(Supplied records Opens)
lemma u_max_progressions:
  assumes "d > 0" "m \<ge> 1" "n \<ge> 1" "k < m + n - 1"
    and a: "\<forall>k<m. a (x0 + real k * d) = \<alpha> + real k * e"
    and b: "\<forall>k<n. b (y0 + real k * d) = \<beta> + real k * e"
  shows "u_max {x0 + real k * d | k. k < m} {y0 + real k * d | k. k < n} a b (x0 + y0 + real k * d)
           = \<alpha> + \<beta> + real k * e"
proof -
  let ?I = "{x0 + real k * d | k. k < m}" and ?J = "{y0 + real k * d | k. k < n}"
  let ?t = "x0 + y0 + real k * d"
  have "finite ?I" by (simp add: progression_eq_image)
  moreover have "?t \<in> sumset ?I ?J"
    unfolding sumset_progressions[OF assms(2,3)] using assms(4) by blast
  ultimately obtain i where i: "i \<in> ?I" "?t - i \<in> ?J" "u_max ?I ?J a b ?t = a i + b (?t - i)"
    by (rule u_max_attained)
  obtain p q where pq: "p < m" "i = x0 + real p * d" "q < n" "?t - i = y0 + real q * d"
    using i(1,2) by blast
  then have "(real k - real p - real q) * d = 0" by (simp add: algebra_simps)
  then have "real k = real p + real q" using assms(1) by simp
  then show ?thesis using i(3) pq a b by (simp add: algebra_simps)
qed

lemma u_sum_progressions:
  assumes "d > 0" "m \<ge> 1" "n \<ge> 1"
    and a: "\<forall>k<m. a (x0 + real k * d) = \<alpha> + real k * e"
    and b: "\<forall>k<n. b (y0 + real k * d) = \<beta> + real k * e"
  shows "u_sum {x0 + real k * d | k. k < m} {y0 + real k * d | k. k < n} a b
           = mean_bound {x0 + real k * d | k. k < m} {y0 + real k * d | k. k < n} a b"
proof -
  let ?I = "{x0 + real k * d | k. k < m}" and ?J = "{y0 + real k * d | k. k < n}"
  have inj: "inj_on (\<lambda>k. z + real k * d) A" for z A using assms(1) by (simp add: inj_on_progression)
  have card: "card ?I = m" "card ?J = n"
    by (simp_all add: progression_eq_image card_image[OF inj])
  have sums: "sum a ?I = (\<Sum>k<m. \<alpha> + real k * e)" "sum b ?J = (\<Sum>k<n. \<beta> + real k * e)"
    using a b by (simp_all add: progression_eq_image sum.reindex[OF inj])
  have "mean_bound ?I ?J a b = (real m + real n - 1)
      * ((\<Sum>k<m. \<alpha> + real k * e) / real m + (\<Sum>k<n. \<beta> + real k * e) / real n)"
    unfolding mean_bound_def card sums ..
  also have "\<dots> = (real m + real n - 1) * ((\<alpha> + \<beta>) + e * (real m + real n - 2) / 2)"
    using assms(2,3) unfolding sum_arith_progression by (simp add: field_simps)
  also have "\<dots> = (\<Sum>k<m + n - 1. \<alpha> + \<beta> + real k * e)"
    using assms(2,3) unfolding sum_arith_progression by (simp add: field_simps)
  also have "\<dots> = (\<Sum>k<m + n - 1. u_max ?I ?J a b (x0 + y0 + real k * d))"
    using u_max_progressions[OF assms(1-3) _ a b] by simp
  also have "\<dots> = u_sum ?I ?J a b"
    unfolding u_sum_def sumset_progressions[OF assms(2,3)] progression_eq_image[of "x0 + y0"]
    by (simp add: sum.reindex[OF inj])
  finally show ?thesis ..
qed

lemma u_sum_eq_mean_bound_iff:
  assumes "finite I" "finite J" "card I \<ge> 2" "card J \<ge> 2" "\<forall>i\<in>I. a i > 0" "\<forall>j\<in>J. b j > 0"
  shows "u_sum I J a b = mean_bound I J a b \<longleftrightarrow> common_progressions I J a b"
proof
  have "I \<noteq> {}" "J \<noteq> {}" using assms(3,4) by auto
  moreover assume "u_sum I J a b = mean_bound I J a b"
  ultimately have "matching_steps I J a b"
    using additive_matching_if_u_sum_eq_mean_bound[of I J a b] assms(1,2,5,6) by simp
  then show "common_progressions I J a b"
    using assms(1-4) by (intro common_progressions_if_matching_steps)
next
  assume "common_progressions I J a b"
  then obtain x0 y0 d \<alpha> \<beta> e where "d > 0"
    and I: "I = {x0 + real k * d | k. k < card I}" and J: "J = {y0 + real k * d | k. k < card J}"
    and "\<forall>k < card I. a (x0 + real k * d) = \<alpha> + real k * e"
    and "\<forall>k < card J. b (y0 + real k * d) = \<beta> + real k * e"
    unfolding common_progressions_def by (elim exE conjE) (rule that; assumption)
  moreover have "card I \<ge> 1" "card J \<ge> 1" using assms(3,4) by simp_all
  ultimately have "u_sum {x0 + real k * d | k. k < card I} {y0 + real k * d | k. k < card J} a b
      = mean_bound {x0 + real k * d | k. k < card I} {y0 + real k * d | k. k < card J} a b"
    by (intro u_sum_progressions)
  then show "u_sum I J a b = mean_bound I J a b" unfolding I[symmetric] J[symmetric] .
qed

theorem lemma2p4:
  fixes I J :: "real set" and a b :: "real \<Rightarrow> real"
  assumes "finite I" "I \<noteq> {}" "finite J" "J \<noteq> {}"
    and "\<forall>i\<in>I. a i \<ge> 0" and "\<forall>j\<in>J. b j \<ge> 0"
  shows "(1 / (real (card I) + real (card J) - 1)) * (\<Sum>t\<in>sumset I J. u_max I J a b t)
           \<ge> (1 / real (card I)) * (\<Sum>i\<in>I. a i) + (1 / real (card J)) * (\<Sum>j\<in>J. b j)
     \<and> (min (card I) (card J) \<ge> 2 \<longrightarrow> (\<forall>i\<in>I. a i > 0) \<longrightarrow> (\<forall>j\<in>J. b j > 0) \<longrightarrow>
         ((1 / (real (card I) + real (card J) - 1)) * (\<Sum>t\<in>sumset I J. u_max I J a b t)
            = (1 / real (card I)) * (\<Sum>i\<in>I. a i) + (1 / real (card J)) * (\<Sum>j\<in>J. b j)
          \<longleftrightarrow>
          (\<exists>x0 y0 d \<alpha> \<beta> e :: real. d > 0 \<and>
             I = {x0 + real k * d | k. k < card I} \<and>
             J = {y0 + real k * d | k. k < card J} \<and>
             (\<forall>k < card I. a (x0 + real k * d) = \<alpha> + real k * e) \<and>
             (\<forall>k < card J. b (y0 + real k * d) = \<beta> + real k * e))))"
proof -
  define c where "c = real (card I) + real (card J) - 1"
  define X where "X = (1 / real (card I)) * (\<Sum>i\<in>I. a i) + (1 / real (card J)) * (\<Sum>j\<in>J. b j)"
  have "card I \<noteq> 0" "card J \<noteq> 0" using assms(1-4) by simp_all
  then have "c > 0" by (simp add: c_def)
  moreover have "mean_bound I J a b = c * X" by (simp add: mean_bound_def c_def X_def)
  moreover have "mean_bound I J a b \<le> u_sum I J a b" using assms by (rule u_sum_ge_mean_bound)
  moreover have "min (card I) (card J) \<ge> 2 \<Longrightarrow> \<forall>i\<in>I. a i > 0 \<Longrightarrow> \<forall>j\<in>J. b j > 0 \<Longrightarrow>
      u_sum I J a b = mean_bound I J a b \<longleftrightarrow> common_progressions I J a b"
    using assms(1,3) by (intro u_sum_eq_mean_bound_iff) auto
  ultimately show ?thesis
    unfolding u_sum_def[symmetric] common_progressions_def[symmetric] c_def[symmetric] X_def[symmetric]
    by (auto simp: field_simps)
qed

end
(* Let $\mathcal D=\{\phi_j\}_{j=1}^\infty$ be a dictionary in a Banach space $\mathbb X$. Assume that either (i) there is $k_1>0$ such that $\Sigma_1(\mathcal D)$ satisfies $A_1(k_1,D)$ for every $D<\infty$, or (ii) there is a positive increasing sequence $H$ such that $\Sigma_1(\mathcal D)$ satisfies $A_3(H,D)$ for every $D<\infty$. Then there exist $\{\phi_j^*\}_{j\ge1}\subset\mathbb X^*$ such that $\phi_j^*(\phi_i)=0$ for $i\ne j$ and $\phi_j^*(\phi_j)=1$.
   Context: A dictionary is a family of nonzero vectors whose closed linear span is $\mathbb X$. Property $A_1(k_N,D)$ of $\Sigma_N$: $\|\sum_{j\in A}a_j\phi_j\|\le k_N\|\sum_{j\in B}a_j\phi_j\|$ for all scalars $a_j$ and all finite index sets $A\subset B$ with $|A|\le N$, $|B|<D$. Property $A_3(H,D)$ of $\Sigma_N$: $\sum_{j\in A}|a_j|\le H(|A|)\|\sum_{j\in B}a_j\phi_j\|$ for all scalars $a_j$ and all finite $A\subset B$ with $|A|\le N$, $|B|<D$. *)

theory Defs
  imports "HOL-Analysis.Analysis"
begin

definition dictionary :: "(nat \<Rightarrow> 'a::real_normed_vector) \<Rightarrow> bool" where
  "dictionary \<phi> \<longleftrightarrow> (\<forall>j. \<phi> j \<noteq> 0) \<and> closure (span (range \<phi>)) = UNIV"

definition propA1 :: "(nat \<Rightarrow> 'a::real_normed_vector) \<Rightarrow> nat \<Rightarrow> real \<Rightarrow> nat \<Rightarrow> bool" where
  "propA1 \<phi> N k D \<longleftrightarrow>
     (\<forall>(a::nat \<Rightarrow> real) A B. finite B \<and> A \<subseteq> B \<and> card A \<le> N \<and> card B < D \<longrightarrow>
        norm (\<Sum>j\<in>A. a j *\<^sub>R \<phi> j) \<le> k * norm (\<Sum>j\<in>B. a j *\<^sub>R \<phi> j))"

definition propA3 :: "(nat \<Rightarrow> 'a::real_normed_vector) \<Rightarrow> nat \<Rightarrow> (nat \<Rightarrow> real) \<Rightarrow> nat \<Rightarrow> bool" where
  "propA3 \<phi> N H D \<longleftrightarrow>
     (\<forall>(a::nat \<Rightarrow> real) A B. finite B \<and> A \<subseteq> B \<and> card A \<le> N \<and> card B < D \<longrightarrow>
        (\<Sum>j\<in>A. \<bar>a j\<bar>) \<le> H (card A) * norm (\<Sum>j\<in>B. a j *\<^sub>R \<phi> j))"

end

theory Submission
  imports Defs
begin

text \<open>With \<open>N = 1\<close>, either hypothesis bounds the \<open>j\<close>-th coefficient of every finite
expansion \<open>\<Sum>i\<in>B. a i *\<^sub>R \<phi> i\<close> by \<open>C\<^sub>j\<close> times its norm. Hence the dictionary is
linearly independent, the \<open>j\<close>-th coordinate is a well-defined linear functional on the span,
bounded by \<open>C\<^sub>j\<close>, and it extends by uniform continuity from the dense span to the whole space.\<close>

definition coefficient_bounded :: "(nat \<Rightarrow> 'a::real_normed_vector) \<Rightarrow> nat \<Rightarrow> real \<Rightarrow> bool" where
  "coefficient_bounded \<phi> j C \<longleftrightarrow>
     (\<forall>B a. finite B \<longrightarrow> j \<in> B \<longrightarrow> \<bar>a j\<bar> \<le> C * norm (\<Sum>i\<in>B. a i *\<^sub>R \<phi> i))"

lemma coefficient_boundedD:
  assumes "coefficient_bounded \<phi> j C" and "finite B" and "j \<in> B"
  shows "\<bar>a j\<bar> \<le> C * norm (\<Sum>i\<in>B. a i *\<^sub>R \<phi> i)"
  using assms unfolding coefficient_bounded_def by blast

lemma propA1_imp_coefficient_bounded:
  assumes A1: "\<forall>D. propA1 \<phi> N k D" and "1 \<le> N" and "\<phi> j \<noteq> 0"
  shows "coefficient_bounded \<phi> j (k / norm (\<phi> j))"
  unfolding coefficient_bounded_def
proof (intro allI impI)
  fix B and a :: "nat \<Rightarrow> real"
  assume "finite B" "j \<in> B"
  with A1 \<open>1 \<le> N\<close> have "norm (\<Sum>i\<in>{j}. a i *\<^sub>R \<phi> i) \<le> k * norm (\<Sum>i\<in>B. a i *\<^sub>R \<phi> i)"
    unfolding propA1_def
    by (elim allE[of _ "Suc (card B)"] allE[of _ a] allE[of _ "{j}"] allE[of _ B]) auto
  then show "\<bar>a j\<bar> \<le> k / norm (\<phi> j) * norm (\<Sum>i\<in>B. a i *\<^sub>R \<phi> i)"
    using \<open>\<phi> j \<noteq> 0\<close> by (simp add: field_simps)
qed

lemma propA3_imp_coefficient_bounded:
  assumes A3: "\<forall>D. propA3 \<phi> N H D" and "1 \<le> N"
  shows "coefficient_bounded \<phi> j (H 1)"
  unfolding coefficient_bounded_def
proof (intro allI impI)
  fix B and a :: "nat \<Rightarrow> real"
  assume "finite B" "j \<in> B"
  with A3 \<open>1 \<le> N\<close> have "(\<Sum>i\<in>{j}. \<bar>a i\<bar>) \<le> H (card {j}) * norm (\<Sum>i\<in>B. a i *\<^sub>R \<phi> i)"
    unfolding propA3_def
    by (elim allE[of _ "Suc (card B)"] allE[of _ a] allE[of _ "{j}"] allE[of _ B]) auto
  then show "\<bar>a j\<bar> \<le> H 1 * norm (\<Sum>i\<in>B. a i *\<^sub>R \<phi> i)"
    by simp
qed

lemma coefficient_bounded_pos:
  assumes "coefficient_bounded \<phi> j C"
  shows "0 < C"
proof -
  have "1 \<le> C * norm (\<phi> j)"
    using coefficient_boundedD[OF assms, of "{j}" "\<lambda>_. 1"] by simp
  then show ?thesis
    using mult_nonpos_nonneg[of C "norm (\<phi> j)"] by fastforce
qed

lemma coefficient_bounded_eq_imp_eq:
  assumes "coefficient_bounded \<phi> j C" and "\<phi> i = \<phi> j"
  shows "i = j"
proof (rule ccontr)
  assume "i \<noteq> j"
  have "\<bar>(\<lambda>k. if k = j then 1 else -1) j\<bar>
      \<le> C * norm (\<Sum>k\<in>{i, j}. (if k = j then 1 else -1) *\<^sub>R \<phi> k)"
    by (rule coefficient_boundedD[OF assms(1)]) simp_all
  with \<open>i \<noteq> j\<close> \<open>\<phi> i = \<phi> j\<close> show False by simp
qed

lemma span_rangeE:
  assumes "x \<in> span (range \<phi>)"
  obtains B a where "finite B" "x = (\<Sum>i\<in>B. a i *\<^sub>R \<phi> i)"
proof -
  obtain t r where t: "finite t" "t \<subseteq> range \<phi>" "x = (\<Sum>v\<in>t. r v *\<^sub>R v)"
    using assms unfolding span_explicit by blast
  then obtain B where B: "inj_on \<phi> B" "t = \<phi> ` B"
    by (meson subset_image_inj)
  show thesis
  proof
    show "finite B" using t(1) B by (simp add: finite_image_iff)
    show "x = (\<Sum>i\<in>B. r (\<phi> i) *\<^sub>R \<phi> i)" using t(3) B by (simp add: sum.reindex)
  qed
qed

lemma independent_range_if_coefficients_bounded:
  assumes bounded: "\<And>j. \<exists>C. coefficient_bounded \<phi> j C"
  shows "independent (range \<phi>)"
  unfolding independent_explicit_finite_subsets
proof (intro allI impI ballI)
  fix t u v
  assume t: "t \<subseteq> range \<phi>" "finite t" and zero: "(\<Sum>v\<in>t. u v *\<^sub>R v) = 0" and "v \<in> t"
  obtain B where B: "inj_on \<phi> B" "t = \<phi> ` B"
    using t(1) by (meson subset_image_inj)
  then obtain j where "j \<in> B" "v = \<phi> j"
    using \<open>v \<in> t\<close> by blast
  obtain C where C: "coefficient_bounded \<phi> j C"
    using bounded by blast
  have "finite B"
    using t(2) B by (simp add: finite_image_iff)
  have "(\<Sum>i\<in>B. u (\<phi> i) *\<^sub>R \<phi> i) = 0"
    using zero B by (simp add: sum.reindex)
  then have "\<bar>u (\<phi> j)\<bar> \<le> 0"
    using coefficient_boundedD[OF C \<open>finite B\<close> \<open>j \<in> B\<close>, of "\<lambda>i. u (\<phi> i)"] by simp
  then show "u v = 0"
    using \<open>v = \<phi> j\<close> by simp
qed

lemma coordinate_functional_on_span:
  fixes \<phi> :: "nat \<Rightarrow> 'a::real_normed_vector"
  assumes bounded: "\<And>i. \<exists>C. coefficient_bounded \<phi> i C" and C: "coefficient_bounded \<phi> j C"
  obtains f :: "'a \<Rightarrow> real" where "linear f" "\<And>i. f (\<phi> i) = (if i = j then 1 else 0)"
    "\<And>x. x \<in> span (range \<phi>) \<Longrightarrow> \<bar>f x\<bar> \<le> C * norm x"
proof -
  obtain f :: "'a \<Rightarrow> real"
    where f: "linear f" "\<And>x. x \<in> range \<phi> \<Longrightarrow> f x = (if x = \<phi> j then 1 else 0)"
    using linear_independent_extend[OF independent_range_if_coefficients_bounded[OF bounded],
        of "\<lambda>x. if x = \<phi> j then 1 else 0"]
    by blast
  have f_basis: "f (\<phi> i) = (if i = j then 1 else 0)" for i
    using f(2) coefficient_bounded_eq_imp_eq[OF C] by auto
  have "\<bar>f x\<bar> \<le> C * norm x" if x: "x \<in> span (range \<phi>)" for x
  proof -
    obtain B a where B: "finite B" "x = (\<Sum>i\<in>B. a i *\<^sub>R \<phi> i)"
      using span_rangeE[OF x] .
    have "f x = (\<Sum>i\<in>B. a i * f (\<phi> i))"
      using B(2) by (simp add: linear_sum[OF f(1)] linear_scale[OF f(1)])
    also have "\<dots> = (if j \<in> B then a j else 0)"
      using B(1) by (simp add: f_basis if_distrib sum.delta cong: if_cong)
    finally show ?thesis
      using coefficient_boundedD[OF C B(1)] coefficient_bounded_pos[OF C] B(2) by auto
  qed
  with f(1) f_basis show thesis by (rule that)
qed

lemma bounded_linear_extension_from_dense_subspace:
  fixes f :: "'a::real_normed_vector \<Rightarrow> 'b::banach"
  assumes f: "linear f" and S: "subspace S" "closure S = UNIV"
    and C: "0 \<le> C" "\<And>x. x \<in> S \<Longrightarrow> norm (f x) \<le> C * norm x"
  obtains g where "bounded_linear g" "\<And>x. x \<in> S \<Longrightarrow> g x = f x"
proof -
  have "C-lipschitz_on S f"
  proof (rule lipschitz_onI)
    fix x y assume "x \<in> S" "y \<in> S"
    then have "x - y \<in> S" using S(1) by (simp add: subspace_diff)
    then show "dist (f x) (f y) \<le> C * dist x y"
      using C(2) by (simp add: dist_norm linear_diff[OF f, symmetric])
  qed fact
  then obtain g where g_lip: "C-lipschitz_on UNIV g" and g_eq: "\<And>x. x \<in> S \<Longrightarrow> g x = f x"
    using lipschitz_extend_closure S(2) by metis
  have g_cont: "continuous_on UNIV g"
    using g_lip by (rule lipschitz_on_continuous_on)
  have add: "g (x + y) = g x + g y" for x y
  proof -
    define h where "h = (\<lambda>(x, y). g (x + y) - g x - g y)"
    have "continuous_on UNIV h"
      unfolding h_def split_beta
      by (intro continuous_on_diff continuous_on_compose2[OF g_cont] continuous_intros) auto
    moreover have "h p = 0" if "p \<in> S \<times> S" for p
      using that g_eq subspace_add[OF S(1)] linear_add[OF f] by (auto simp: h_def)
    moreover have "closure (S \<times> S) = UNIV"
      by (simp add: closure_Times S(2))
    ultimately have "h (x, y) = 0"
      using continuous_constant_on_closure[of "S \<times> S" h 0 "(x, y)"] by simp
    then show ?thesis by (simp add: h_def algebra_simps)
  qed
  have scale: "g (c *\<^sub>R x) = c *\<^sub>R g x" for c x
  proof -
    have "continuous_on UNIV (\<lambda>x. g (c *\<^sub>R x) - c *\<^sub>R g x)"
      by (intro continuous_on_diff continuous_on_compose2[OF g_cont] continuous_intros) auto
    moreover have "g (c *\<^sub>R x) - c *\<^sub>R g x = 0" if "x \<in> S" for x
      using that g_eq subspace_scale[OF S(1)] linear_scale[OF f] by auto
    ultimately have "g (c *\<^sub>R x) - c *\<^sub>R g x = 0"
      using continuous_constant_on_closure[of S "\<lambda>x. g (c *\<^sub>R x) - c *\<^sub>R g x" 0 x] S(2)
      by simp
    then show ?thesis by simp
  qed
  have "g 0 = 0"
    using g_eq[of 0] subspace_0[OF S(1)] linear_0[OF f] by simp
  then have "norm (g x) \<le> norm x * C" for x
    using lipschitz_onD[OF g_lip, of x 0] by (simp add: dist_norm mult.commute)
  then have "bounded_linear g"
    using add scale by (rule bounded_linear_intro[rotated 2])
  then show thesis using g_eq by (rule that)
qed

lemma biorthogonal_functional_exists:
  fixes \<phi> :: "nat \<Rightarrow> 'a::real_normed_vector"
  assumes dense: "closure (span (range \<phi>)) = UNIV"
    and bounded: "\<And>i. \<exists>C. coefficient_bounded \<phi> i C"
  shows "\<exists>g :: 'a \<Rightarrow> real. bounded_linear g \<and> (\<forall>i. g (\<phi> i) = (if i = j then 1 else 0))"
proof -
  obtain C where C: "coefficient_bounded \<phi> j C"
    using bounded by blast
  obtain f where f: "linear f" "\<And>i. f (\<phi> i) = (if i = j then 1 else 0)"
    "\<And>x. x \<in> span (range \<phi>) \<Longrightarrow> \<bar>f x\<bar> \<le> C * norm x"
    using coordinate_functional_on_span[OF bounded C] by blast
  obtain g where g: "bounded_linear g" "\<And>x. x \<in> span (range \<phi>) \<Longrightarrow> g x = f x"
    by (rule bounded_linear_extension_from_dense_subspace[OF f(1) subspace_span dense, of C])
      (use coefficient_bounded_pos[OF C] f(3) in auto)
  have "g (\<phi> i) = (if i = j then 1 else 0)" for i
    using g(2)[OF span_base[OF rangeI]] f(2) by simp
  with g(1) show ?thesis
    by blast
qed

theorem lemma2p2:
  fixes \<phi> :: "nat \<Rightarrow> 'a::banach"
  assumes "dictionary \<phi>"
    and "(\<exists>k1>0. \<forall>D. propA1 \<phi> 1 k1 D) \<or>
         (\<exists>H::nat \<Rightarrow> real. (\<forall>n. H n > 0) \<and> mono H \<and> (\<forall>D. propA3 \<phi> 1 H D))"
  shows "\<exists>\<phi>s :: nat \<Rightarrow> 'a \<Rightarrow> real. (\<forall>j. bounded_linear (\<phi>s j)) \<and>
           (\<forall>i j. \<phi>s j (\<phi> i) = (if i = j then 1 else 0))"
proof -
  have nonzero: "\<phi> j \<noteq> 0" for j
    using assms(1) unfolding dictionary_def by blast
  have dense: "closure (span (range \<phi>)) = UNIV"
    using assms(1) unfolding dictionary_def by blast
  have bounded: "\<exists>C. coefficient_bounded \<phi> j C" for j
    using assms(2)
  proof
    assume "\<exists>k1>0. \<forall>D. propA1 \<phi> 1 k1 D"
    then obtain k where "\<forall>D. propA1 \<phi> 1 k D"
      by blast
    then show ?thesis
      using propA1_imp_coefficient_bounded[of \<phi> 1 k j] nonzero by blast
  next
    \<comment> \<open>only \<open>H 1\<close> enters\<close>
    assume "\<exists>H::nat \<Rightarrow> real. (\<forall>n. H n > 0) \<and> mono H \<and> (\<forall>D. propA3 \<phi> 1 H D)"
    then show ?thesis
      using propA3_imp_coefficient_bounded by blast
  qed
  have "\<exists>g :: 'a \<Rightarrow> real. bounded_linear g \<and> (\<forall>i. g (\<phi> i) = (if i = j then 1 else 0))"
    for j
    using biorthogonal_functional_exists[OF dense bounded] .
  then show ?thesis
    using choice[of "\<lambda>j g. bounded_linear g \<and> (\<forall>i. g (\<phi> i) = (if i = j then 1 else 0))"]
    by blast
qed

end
(Supplied records Closes)
■ Task brief ■
Pull every line containing "mono" out of the data above.

■ Task solution ■
         (\<exists>H::nat \<Rightarrow> real. (\<forall>n. H n > 0) \<and> mono H \<and> (\<forall>D. propA3 \<phi> 1 H D))"
    assume "\<exists>H::nat \<Rightarrow> real. (\<forall>n. H n > 0) \<and> mono H \<and> (\<forall>D. propA3 \<phi> 1 H D)"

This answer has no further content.